Novelty Desserts—Many times you will want to serve something just a little different; maybe a special dinner dessert, afternoon or evening refreshments, or that “dessert bridge” you have been planning for some time. On these pages are a number of suggestions to help you in planning for these occasions.

Apricot Mousse

ten or twelve servings

1 large can apricots or 2¹⁄₄ cups apricot pulp
2 egg whites
1¹⁄₂ cups cream, whipped
¹⁄₂ cup sugar

Drain the contents of can of apricots and force through a sieve. There should be 2¹⁄₄ cups of apricot pulp. Place in freezing tray and allow to remain for 45 minutes. Remove from the tray and turn into a bowl containing the unbeaten egg whites. Beat until light and fluffy. Whip cream, gradually adding sugar. Fold the cream into the beaten apricots and eggs.

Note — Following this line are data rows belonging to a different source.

(*
  Every column of the Jacobian of F_L except the E-column (all ones) has two nonzero entries:
  -a on the diagonal and a/x_m^2 one row closer to the centre.  Listing the sites as
  -L, ..., -1, L, ..., 1, 0 therefore makes the matrix lower triangular apart from its last
  column.  That column can be cleared above the diagonal by adding a combination of the other
  columns, whose coefficients are found by back-substitution from the two outer ends; they are
  Horner tails of the products of the x_i^-2.  The resulting triangular matrix has diagonal
  entries -a_n and, in the last place, 1 plus the two sums of the theorem.

  At the ratios x_n of an eigenvector u, the products of the x_i^-2 telescope to u(j)^2 / u(0)^2,
  so the normalisation of u turns the bracket into u(0)^-2, and the n-th row of the eigenvalue
  equation divided by u(n) says exactly that the n-th component of F_L is b_n.
*)

lemma DERIV_if_const:
  "(c \<Longrightarrow> (f has_real_derivative D) F) \<Longrightarrow> (\<not> c \<Longrightarrow> (g has_real_derivative D') F) \<Longrightarrow>
    E = (if c then D else D') \<Longrightarrow> ((\<lambda>x. if c then f x else g x) has_real_derivative E) F"
  by (cases c) auto

lemma sum_delta3:
  fixes A B C :: "'a :: comm_monoid_add"
  assumes "finite S" "x \<noteq> y" "x \<noteq> z" "y \<noteq> z"
  shows "(\<Sum>m\<in>S. if m = x then A else if m = y then B else if m = z then C else 0) =
    (if x \<in> S then A else 0) + (if y \<in> S then B else 0) + (if z \<in> S then C else 0)"
proof -
  have "(\<Sum>m\<in>S. if m = x then A else if m = y then B else if m = z then C else 0) =
      (\<Sum>m\<in>S. (if m = x then A else 0) + (if m = y then B else 0) + (if m = z then C else 0))"
    using assms by (intro sum.cong) auto
  then show ?thesis using assms by (simp add: sum.distrib)
qed

lemma sum_atLeastAtMost_symmetric:
  fixes f :: "int \<Rightarrow> 'a :: comm_monoid_add"
  assumes "0 \<le> l"
  shows "(\<Sum>n = -l..l. f n) = f 0 + (\<Sum>j = 1..l. f j) + (\<Sum>j = 1..l. f (- j))"
proof -
  have "{-l..l} = insert 0 ({1..l} \<union> {-l..-1})" using assms by auto
  moreover have "sum f {-l..-1} = (\<Sum>j = 1..l. f (- j))"
    by (rule sum.reindex_bij_witness[of _ uminus uminus]) auto
  ultimately show ?thesis by (simp add: sum.union_disjoint add.assoc)
qed

lemma prod_telescope_int:
  fixes f :: "int \<Rightarrow> 'a :: field"
  assumes "0 \<le> j" and "\<And>i. 0 \<le> i \<Longrightarrow> i \<le> j \<Longrightarrow> f i \<noteq> 0"
  shows "(\<Prod>i = 1..j. f i / f (i - 1)) = f j / f 0"
  using assms
proof (induction j rule: int_ge_induct)
  case (step j)
  have "{1..j + 1} = insert (j + 1) {1..j}" using step.hyps by auto
  then show ?case using step by simp
qed simp

lemma det_conj_permutes:
  fixes A :: "'a :: comm_ring_1 mat"
  assumes A: "A \<in> carrier_mat n n" and \<sigma>: "\<sigma> permutes {0..<n}"
  shows "det (mat n n (\<lambda>(i, j). A $$ (\<sigma> i, \<sigma> j))) = det A"
proof -
  define R where "R = mat n n (\<lambda>(i, j). A $$ (\<sigma> i, j))"
  have R: "R \<in> carrier_mat n n" by (simp add: R_def)
  have "transpose_mat (mat n n (\<lambda>(i, j). A $$ (\<sigma> i, \<sigma> j))) =
      mat n n (\<lambda>(i, j). transpose_mat R $$ (\<sigma> i, j))"
    using \<sigma> by (auto simp: R_def permutes_in_image)
  then have "det (mat n n (\<lambda>(i, j). A $$ (\<sigma> i, \<sigma> j))) = signof \<sigma> * det (transpose_mat R)"
    by (metis R det_permute_rows det_transpose mat_carrier transpose_carrier_mat \<sigma>)
  also have "det (transpose_mat R) = signof \<sigma> * det A"
    using det_transpose[OF R] det_permute_rows[OF A \<sigma>] by (simp add: R_def)
  also have "signof \<sigma> * (signof \<sigma> * det A) = det A"
    by (simp add: mult.assoc[symmetric] of_int_mult[symmetric] del: of_int_mult)
  finally show ?thesis .
qed

(* Cramer: as c_n = 1, replacing column n by A c does not change the determinant,
   and the resulting matrix is lower triangular. *)
lemma det_by_column_elimination:
  fixes A :: "'a :: comm_ring_1 mat" and c :: "'a vec"
  assumes A: "A \<in> carrier_mat (Suc n) (Suc n)"
    and lower: "\<And>i j. i < j \<Longrightarrow> j < n \<Longrightarrow> A $$ (i, j) = 0"
    and c: "c \<in> carrier_vec (Suc n)" "c $ n = 1"
    and elim: "\<And>i. i < n \<Longrightarrow> (A *\<^sub>v c) $ i = 0"
  shows "det A = (\<Prod>i<n. A $$ (i, i)) * (A *\<^sub>v c) $ n"
proof -
  define B where "B = replace_col A (A *\<^sub>v c) n"
  have B: "B \<in> carrier_mat (Suc n) (Suc n)" using A by (simp add: B_def replace_col_def)
  have "det A = det B" using cramer_lemma_mat[OF A c(1), of n] c(2) by (simp add: B_def)
  also have "\<dots> = prod_list (diag_mat B)"
    by (rule det_lower_triangular[OF _ B]) (use A lower elim in \<open>auto simp: B_def replace_col_def\<close>)
  also have "\<dots> = (\<Prod>i<n. B $$ (i, i)) * B $$ (n, n)"
    using B by (simp add: prod_list_diag_prod atLeast0LessThan)
  also have "\<dots> = (\<Prod>i<n. A $$ (i, i)) * (A *\<^sub>v c) $ n"
    using A by (auto simp: B_def replace_col_def intro!: prod.cong)
  finally show ?thesis .
qed

(* horner_tail y l t = 1 + y (t+1) * (1 + y (t+2) * (... * (1 + y l))) *)
definition horner_tail :: "(int \<Rightarrow> 'a :: comm_semiring_1) \<Rightarrow> int \<Rightarrow> int \<Rightarrow> 'a" where
  "horner_tail y l t = (\<Sum>j = t..l. \<Prod>i = t + 1..j. y i)"

lemma horner_tail_shift:
  "y (t + 1) * horner_tail y l (t + 1) = (\<Sum>j = t + 1..l. \<Prod>i = t + 1..j. y i)"
  unfolding horner_tail_def sum_distrib_left
proof (rule sum.cong)
  fix j assume "j \<in> {t + 1..l}"
  then have "{t + 1..j} = insert (t + 1) {t + 1 + 1..j}" by auto
  then show "y (t + 1) * (\<Prod>i = t + 1 + 1..j. y i) = (\<Prod>i = t + 1..j. y i)" by simp
qed simp

lemma horner_tail_step:
  assumes "t \<le> l"
  shows "horner_tail y l t = 1 + y (t + 1) * horner_tail y l (t + 1)"
proof -
  have "{t..l} = insert t {t + 1..l}" using assms by auto
  then show ?thesis unfolding horner_tail_shift by (simp add: horner_tail_def)
qed

(* a_k couples the sites k and k + 1; inner_bond a m couples site m to its neighbour nearer 0. *)
definition inner_bond :: "(int \<Rightarrow> real) \<Rightarrow> int \<Rightarrow> real" where
  "inner_bond a m = (if m < 0 then a m else a (m - 1))"

definition jacobian_entry :: "(int \<Rightarrow> real) \<Rightarrow> (int \<Rightarrow> real) \<Rightarrow> int \<Rightarrow> int \<Rightarrow> real" where
  "jacobian_entry a p n m =
     (if m = 0 then 1
      else if n = m then - inner_bond a m
      else if n = m - sgn m then inner_bond a m / (p m)\<^sup>2
      else 0)"

lemma FL_has_real_derivative:
  assumes n: "n \<in> {- int L..int L}" and m: "m \<in> {- int L..int L}"
    and p: "\<forall>k\<in>{- int L..int L} - {0}. p k \<noteq> 0"
  shows "((\<lambda>t. FL L a (p(m := t)) n) has_real_derivative jacobian_entry a p n m) (at (p m))"
proof -
  consider "m = 0" | "m \<noteq> 0" "n < 0" | "m \<noteq> 0" "n = 0" | "m \<noteq> 0" "n > 0" by linarith
  then show ?thesis
  proof cases
    case 1
    then show ?thesis using n p
      by (cases "n < 0"; cases "n = 0"; auto simp: FL_def xinv_def jacobian_entry_def
          intro!: DERIV_if_const derivative_eq_intros split: if_splits)
  qed (use n m p in \<open>auto simp: FL_def xinv_def jacobian_entry_def inner_bond_def
      power2_eq_square field_simps intro!: DERIV_if_const derivative_eq_intros split: if_splits\<close>)
qed

lemma jac_FL_index:
  assumes "i < 2 * L + 1" "j < 2 * L + 1" and "\<forall>k\<in>{- int L..int L} - {0}. p k \<noteq> 0"
  shows "jac_FL L a p $$ (i, j) = jacobian_entry a p (idx L i) (idx L j)"
  using assms by (auto simp: jac_FL_def idx_def intro!: DERIV_imp_deriv FL_has_real_derivative)

definition elim_weight :: "(int \<Rightarrow> real) \<Rightarrow> nat \<Rightarrow> int \<Rightarrow> real" where
  "elim_weight p L m = horner_tail (\<lambda>i. 1 / (p (sgn m * i))\<^sup>2) (int L) \<bar>m\<bar>"

lemma elim_weight_step:
  assumes "m \<noteq> 0" "\<bar>m\<bar> \<le> int L"
  shows "elim_weight p L m = 1 + elim_weight p L (m + sgn m) / (p (m + sgn m))\<^sup>2"
proof -
  let ?y = "\<lambda>i. 1 / (p (sgn m * i))\<^sup>2"
  have "\<bar>m + sgn m\<bar> = \<bar>m\<bar> + 1" "sgn (m + sgn m) = sgn m" "?y (\<bar>m\<bar> + 1) = 1 / (p (m + sgn m))\<^sup>2"
    using assms(1) by (auto simp: sgn_if)
  then show ?thesis using horner_tail_step[OF assms(2), of ?y] by (simp add: elim_weight_def)
qed

lemma elim_weight_beyond: "int L < \<bar>m\<bar> \<Longrightarrow> elim_weight p L m = 0"
  by (simp add: elim_weight_def horner_tail_def)

lemma elim_weight_first:
  assumes "\<sigma> = 1 \<or> \<sigma> = -1"
  shows "elim_weight p L \<sigma> / (p \<sigma>)\<^sup>2 = (\<Sum>j = 1..int L. \<Prod>i = 1..j. 1 / (p (\<sigma> * i))\<^sup>2)"
  using horner_tail_shift[of "\<lambda>i. 1 / (p (\<sigma> * i))\<^sup>2" 0 "int L"] assms
  by (auto simp: elim_weight_def)

(* Column multipliers c clearing the E-column in every row n \<noteq> 0: for s_m = inner_bond a m * c_m,
   row n demands s_n = 1 + s_(n + sgn n) / x_(n + sgn n)^2, which elim_weight solves inward
   from the outer ends. *)
definition elim_coeff :: "(int \<Rightarrow> real) \<Rightarrow> (int \<Rightarrow> real) \<Rightarrow> nat \<Rightarrow> int \<Rightarrow> real" where
  "elim_coeff a p L m = (if m = 0 then 1 else elim_weight p L m / inner_bond a m)"

lemma jacobian_row_elim:
  assumes L: "1 \<le> L" and n: "n \<in> {- int L..int L}"
    and bonds: "\<And>m. m \<in> {- int L..int L} - {0} \<Longrightarrow> inner_bond a m \<noteq> 0"
  shows "(\<Sum>m = - int L..int L. jacobian_entry a p n m * elim_coeff a p L m) =
    (if n = 0 then 1 + (\<Sum>j = 1..int L. \<Prod>i = 1..j. 1 / (p i)\<^sup>2)
                   + (\<Sum>j = 1..int L. \<Prod>i = 1..j. 1 / (p (- i))\<^sup>2)
     else 0)"
proof (cases "n = 0")
  case True
  have "(\<Sum>m = - int L..int L. jacobian_entry a p n m * elim_coeff a p L m) =
      (\<Sum>m = - int L..int L. if m = 0 then 1 else if m = 1 then elim_weight p L 1 / (p 1)\<^sup>2
        else if m = -1 then elim_weight p L (-1) / (p (-1))\<^sup>2 else 0)"
    using True bonds by (intro sum.cong) (auto simp: jacobian_entry_def elim_coeff_def sgn_if)
  also have "\<dots> = 1 + elim_weight p L 1 / (p 1)\<^sup>2 + elim_weight p L (-1) / (p (-1))\<^sup>2"
    using L by (subst sum_delta3) auto
  finally show ?thesis using True elim_weight_first[of 1] elim_weight_first[of "-1"] by simp
next
  case False
  let ?m = "n + sgn n"
  have "(\<Sum>m = - int L..int L. jacobian_entry a p n m * elim_coeff a p L m) =
      (\<Sum>m = - int L..int L. if m = 0 then 1 else if m = n then - elim_weight p L n
        else if m = ?m then elim_weight p L ?m / (p ?m)\<^sup>2 else 0)"
    using False bonds by (intro sum.cong) (auto simp: jacobian_entry_def elim_coeff_def sgn_if)
  also have "\<dots> = 1 - elim_weight p L n + elim_weight p L ?m / (p ?m)\<^sup>2"
    using False n elim_weight_beyond[of L ?m p] by (subst sum_delta3) (auto simp: sgn_if)
  also have "\<dots> = 0" using False n elim_weight_step[of n L p] by (simp add: abs_le_iff)
  finally show ?thesis using False by simp
qed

Return to the tray and freeze without stirring.

Strawberry Mousse

ten servings

1 pint strawberries
1 cup granulated sugar
2 teaspoons lemon juice
2 cups whipping cream
2 egg whites
¹⁄₁₆ teaspoon salt

Wash and stem berries. Add sugar and crush. Heat until sugar is dissolved. Strain and chill. Add lemon juice to berry mixture. Fold in whipped cream and stiffly beaten egg whites to which salt has been added. Pour into freezing tray, molds or individual cups. Freeze without stirring. See [page 4] for use of Cold-Control. This dessert is very attractive when frozen in silver cups, and decorated with whipped cream or whole, fresh berries.